What you should do:
Within the records below, find the line containing "fix c assume". Reproduce it and each line after it exactly, and nothing else.

Information provided:
####################

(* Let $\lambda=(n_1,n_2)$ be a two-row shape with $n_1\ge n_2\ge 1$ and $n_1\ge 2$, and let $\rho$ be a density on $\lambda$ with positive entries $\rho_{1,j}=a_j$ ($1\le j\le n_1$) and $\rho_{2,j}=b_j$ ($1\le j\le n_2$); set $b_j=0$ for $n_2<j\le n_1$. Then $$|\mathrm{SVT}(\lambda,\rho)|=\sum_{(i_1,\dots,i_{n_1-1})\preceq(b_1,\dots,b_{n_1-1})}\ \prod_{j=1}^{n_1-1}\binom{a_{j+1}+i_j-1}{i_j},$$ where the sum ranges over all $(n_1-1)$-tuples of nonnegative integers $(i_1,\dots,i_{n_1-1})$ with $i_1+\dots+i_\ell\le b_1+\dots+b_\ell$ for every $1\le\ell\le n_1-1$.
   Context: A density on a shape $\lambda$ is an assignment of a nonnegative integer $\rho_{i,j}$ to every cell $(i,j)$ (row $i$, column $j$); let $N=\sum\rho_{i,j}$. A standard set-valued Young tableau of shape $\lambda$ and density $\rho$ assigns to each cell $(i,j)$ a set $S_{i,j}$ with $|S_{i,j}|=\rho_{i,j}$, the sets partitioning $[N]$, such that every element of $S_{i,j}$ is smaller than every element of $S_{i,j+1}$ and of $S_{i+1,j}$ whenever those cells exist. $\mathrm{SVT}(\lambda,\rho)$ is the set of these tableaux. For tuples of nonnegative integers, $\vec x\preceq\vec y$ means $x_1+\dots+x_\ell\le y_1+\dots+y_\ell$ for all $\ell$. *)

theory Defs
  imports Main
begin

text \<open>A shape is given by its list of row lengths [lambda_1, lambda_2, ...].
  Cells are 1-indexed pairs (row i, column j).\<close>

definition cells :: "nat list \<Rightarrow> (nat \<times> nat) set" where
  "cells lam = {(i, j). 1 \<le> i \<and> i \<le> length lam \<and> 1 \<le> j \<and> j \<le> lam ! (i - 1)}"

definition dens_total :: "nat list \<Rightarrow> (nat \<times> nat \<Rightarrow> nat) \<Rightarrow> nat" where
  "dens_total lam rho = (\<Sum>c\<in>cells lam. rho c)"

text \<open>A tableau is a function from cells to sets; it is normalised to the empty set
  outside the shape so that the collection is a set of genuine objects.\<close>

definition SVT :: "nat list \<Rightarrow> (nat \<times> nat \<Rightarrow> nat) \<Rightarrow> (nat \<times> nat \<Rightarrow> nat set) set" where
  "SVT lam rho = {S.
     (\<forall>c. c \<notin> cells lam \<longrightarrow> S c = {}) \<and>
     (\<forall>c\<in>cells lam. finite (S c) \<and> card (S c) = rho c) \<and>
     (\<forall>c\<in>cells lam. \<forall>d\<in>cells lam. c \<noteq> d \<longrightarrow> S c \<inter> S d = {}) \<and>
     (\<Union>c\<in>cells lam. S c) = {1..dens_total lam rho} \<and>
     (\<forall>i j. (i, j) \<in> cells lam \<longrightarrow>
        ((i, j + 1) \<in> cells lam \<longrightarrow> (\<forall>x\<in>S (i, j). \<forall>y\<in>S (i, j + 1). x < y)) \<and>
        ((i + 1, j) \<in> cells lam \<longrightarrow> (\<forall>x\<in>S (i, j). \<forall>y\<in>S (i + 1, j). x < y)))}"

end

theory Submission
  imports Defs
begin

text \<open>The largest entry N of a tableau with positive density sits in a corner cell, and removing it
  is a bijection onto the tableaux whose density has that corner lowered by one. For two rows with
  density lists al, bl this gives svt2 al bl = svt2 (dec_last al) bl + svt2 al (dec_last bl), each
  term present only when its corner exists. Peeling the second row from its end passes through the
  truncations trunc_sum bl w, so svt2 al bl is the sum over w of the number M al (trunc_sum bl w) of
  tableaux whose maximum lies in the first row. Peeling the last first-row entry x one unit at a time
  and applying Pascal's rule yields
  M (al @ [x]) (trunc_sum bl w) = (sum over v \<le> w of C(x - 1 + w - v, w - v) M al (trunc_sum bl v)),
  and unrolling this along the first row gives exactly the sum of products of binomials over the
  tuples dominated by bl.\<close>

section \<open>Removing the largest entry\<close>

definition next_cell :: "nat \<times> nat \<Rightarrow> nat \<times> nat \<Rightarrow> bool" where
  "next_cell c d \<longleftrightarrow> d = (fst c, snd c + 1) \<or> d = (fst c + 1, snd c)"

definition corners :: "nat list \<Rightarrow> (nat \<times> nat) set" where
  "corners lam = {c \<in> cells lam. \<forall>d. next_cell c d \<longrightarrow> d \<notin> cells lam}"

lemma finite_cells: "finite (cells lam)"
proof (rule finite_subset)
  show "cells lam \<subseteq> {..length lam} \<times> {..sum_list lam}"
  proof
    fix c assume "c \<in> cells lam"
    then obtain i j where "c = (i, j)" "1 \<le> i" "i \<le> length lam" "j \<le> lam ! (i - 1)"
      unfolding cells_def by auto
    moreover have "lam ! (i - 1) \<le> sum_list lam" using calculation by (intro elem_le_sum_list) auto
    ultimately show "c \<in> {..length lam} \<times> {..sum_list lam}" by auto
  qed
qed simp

####################

Solution to the problem:
    fix c assume "c \<in> cells lam"
    then obtain i j where "c = (i, j)" "1 \<le> i" "i \<le> length lam" "j \<le> lam ! (i - 1)"
      unfolding cells_def by auto
    moreover have "lam ! (i - 1) \<le> sum_list lam" using calculation by (intro elem_le_sum_list) auto
    ultimately show "c \<in> {..length lam} \<times> {..sum_list lam}" by auto
  qed
qed simp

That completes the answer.